- [What you will do]
In the material below, find each line with the word "intro" and copy it.

Start of Data listing

(* Let $(a_n)_{n\ge 1}$ be a sequence of strictly positive real numbers with $\sum_{n\ge1}(1+n^2)^5a_n^2<\infty$. Let $H=\mathbb{R}\times l^2\times l^2$ and let $F:H\to H$ be defined, for $y=(x,(u_n)_{n\ge1},(v_n)_{n\ge1})\in H$, by $$F(y)=\Big(\sum_{n\ge1} n a_n^{1/2}\big(\sin(nx)u_n+\cos(nx)v_n\big),\ \big(a_n^{1/2}\cos(nx)\big)_{n\ge1},\ \big(-a_n^{1/2}\sin(nx)\big)_{n\ge1}\Big).$$ Let $W$ be a cylindrical Wiener process on $H$ and $\sigma$ the projection onto the first coordinate. For $z\in H$ let $Y(t,z)$ denote the unique strong solution of $dY_t=F(Y_t)\,dt+\sigma\,dW_t$, $Y_0=z$. Let $(y_k)_{k\in\mathbb{N}}$ be a sequence in $H$ with $y_k\to y$ in $H$, and write $Y_k(t)=Y(t,y_k)$, $Y(t)=Y(t,y)$ (all driven by the same $W$). Then for every $t>0$, $$\|Y_k(t)-Y(t)\|_H^2\to0\quad\text{as }k\to\infty.$$ In particular $(Y_t)_{t\ge0}$ is a Feller process: the transition semigroup $P_t\varphi(z)=\mathbb{E}[\varphi(Y(t,z))]$ maps bounded continuous functions on $H$ into bounded continuous functions on $H$.
   Context: $H=\mathbb{R}\times l^2\times l^2$ is the Hilbert space with norm $\|y\|_H^2=|x|^2+\|(u_n)_n\|_{l^2}^2+\|(v_n)_n\|_{l^2}^2$. Existence and uniqueness of a strong solution $Y(\cdot,z)\in C([0,\infty);H)$ for each $z\in H$ is known. $\sigma W_t=(\beta_t,0,0)$ with $\beta$ a standard one-dimensional Brownian motion. *)

theory Defs
  imports "HOL-Probability.Probability"
begin

text \<open>The Hilbert space H = R x l2 x l2. Sequences (u_n) with n >= 1 are represented by
  functions u :: nat => real with u k standing for u_(k+1) (0-based re-indexing).\<close>

type_synonym H = "real \<times> (nat \<Rightarrow> real) \<times> (nat \<Rightarrow> real)"

definition in_l2 :: "(nat \<Rightarrow> real) \<Rightarrow> bool" where
  "in_l2 u \<longleftrightarrow> summable (\<lambda>k. (u k)\<^sup>2)"

definition inH :: "H \<Rightarrow> bool" where
  "inH y \<longleftrightarrow> in_l2 (fst (snd y)) \<and> in_l2 (snd (snd y))"

definition distH :: "H \<Rightarrow> H \<Rightarrow> real" where
  "distH y z = sqrt ((fst y - fst z)\<^sup>2
                    + (\<Sum>k. (fst (snd y) k - fst (snd z) k)\<^sup>2)
                    + (\<Sum>k. (snd (snd y) k - snd (snd z) k)\<^sup>2))"

text \<open>The drift F; a k stands for a_(k+1), so the factor n is real (Suc k).\<close>
definition driftF :: "(nat \<Rightarrow> real) \<Rightarrow> H \<Rightarrow> H" where
  "driftF a y = (let x = fst y; u = fst (snd y); v = snd (snd y) in
     ((\<Sum>k. real (Suc k) * sqrt (a k) *
              (sin (real (Suc k) * x) * u k + cos (real (Suc k) * x) * v k)),
      (\<lambda>k. sqrt (a k) * cos (real (Suc k) * x)),
      (\<lambda>k. - sqrt (a k) * sin (real (Suc k) * x))))"

definition path_contH :: "(real \<Rightarrow> H) \<Rightarrow> bool" where
  "path_contH p \<longleftrightarrow> (\<forall>t\<ge>0. \<forall>e>0. \<exists>d>0. \<forall>s\<ge>0. \<bar>s - t\<bar> < d \<longrightarrow> distH (p s) (p t) < e)"

definition contH :: "(H \<Rightarrow> real) \<Rightarrow> bool" where
  "contH f \<longleftrightarrow> (\<forall>y. inH y \<longrightarrow> (\<forall>e>0. \<exists>d>0. \<forall>y'. inH y' \<and> distH y' y < d \<longrightarrow> \<bar>f y' - f y\<bar> < e))"

definition boundedH :: "(H \<Rightarrow> real) \<Rightarrow> bool" where
  "boundedH f \<longleftrightarrow> (\<exists>B. \<forall>y. inH y \<longrightarrow> \<bar>f y\<bar> \<le> B)"

definition std_brownian_motion :: "'w measure \<Rightarrow> (real \<Rightarrow> 'w \<Rightarrow> real) \<Rightarrow> bool" where
  "std_brownian_motion M \<beta> \<longleftrightarrow>
     prob_space M \<and>
     (\<forall>t. \<beta> t \<in> borel_measurable M) \<and>
     (\<forall>\<omega>\<in>space M. \<beta> 0 \<omega> = 0 \<and> continuous_on {0..} (\<lambda>t. \<beta> t \<omega>)) \<and>
     (\<forall>s t. 0 \<le> s \<and> s < t \<longrightarrow>
        distributed M lborel (\<lambda>\<omega>. \<beta> t \<omega> - \<beta> s \<omega>)
          (\<lambda>x. ennreal (normal_density 0 (sqrt (t - s)) x))) \<and>
     (\<forall>(ts :: nat \<Rightarrow> real) n. 0 \<le> ts 0 \<and> (\<forall>i<n. ts i < ts (Suc i)) \<longrightarrow>
        prob_space.indep_vars M (\<lambda>_. borel) (\<lambda>i \<omega>. \<beta> (ts (Suc i)) \<omega> - \<beta> (ts i) \<omega>) {..<n})"

text \<open>Strong solution of dY = F(Y) dt + sigma dW, Y_0 = z, where sigma W_t = (beta_t, 0, 0).
  The H-valued time integral is written componentwise.\<close>
definition strong_solution ::
  "'w measure \<Rightarrow> (real \<Rightarrow> 'w \<Rightarrow> real) \<Rightarrow> (nat \<Rightarrow> real) \<Rightarrow> H \<Rightarrow> (real \<Rightarrow> 'w \<Rightarrow> H) \<Rightarrow> bool" where
  "strong_solution M \<beta> a z Y \<longleftrightarrow>
     (\<forall>t\<ge>0. \<forall>\<omega>\<in>space M. inH (Y t \<omega>)) \<and>
     (\<forall>t\<ge>0. (\<lambda>\<omega>. fst (Y t \<omega>)) \<in> borel_measurable M \<and>
             (\<forall>k. (\<lambda>\<omega>. fst (snd (Y t \<omega>)) k) \<in> borel_measurable M) \<and>
             (\<forall>k. (\<lambda>\<omega>. snd (snd (Y t \<omega>)) k) \<in> borel_measurable M)) \<and>
     (AE \<omega> in M.
        path_contH (\<lambda>t. Y t \<omega>) \<and>
        (\<forall>t\<ge>0.
           fst (Y t \<omega>) = fst z + integral {0..t} (\<lambda>s. fst (driftF a (Y s \<omega>))) + \<beta> t \<omega> \<and>
           (\<forall>k. fst (snd (Y t \<omega>)) k
                  = fst (snd z) k + integral {0..t} (\<lambda>s. fst (snd (driftF a (Y s \<omega>))) k)) \<and>
           (\<forall>k. snd (snd (Y t \<omega>)) k
                  = snd (snd z) k + integral {0..t} (\<lambda>s. snd (snd (driftF a (Y s \<omega>))) k))))"

end

theory Submission
  imports Defs
begin

(* Two solutions driven by the same Brownian path differ by a quantity in which the noise cancels,
  so the whole argument is pathwise. The u- and v-components of the drift are bounded by
  a_n^(1/2) and 1-Lipschitz in n x: this bounds the l2 norms of a solution linearly in time and
  controls the u,v-differences of two solutions by their integrated x-difference. The x-component
  of the drift is Lipschitz on H with a constant affine in the l2 norms of u and v, because
  sum n^4 a_n is finite, which follows from the hypothesis by AM-GM. Gronwall's inequality then
  makes Y(t, z) Lipschitz in z along every Brownian path, and the Feller property follows by
  dominated convergence. *)

abbreviation hx :: "H \<Rightarrow> real" where "hx p \<equiv> fst p"
abbreviation hu :: "H \<Rightarrow> nat \<Rightarrow> real" where "hu p \<equiv> fst (snd p)"
abbreviation hv :: "H \<Rightarrow> nat \<Rightarrow> real" where "hv p \<equiv> snd (snd p)"

section \<open>Square-summable sequences\<close>

definition l2_norm :: "(nat \<Rightarrow> real) \<Rightarrow> real" where
  "l2_norm f = sqrt (\<Sum>k. (f k)\<^sup>2)"

lemma l2_norm_nonneg: "in_l2 f \<Longrightarrow> 0 \<le> l2_norm f"
  unfolding l2_norm_def in_l2_def by (simp add: suminf_nonneg)

lemma power2_l2_norm: "in_l2 f \<Longrightarrow> (l2_norm f)\<^sup>2 = (\<Sum>k. (f k)\<^sup>2)"
  unfolding l2_norm_def in_l2_def by (simp add: suminf_nonneg)

lemma L2_set_le_l2_norm: "in_l2 f \<Longrightarrow> L2_set f {..<n} \<le> l2_norm f"
  unfolding L2_set_def l2_norm_def in_l2_def by (intro real_sqrt_le_mono sum_le_suminf) auto

lemma l2_norm_le_if_L2_set_le:
  assumes "in_l2 f" and "\<And>n. L2_set f {..<n} \<le> c"
  shows "l2_norm f \<le> c"
proof -
  have c: "0 \<le> c" using assms(2)[of 0] by simp
  have "(\<Sum>k<n. (f k)\<^sup>2) \<le> c\<^sup>2" for n
    using assms(2)[of n] c by (simp add: L2_set_def real_sqrt_le_iff sqrt_le_D)
  then have "(\<Sum>k. (f k)\<^sup>2) \<le> c\<^sup>2"
    using assms(1) unfolding in_l2_def by (intro suminf_le_const) auto
  then show ?thesis unfolding l2_norm_def using c by (simp add: real_sqrt_le_iff real_le_lsqrt)
qed

lemma in_l2_dominated:
  assumes "in_l2 g" "in_l2 h" "\<And>k. \<bar>f k\<bar> \<le> \<bar>g k\<bar> + \<bar>h k\<bar>"
  shows "in_l2 f"
proof -
  have bound: "(f k)\<^sup>2 \<le> 2 * (g k)\<^sup>2 + 2 * (h k)\<^sup>2" for k
  proof -
    have "(f k)\<^sup>2 \<le> (\<bar>g k\<bar> + \<bar>h k\<bar>)\<^sup>2"
      using assms(3)[of k] by (metis abs_ge_zero abs_le_square_iff abs_of_nonneg add_nonneg_nonneg)
    then show ?thesis using sum_squares_bound[of "\<bar>g k\<bar>" "\<bar>h k\<bar>"] by (simp add: power2_sum)
  qed
  have sum: "summable (\<lambda>k. 2 * (g k)\<^sup>2 + 2 * (h k)\<^sup>2)"
    using assms(1,2) unfolding in_l2_def by (intro summable_add summable_mult)
  show ?thesis
    unfolding in_l2_def by (rule summable_comparison_test'[OF sum, where N = 0]) (simp add: bound)
qed

lemma l2_norm_dominated:
  assumes "in_l2 g" "in_l2 h" "\<And>k. \<bar>f k\<bar> \<le> \<bar>g k\<bar> + \<bar>h k\<bar>"
  shows "l2_norm f \<le> l2_norm g + l2_norm h"
proof (rule l2_norm_le_if_L2_set_le[OF in_l2_dominated[OF assms]])
  fix n
  have "L2_set f {..<n} = L2_set (\<lambda>k. \<bar>f k\<bar>) {..<n}"
    by (simp add: L2_set_def)
  also have "\<dots> \<le> L2_set (\<lambda>k. \<bar>g k\<bar> + \<bar>h k\<bar>) {..<n}"
    using assms(3) by (intro L2_set_mono) auto
  also have "\<dots> \<le> L2_set (\<lambda>k. \<bar>g k\<bar>) {..<n} + L2_set (\<lambda>k. \<bar>h k\<bar>) {..<n}"
    by (rule L2_set_triangle_ineq)
  also have "\<dots> = L2_set g {..<n} + L2_set h {..<n}"
    by (simp add: L2_set_def)
  also have "\<dots> \<le> l2_norm g + l2_norm h"
    using assms(1,2) by (intro add_mono L2_set_le_l2_norm)
  finally show "L2_set f {..<n} \<le> l2_norm g + l2_norm h" .
qed

lemma in_l2_diff: "in_l2 f \<Longrightarrow> in_l2 g \<Longrightarrow> in_l2 (\<lambda>k. f k - g k)"
  by (rule in_l2_dominated[of f g]) auto

lemma in_l2_cmult: "in_l2 f \<Longrightarrow> in_l2 (\<lambda>k. c * f k)"
  unfolding in_l2_def by (simp add: power_mult_distrib summable_mult)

End of Data listing

- [Answer for this exercise]
  unfolding L2_set_def l2_norm_def in_l2_def by (intro real_sqrt_le_mono sum_le_suminf) auto
    using assms(1) unfolding in_l2_def by (intro suminf_le_const) auto
    using assms(1,2) unfolding in_l2_def by (intro summable_add summable_mult)
    using assms(3) by (intro L2_set_mono) auto
    using assms(1,2) by (intro add_mono L2_set_le_l2_norm)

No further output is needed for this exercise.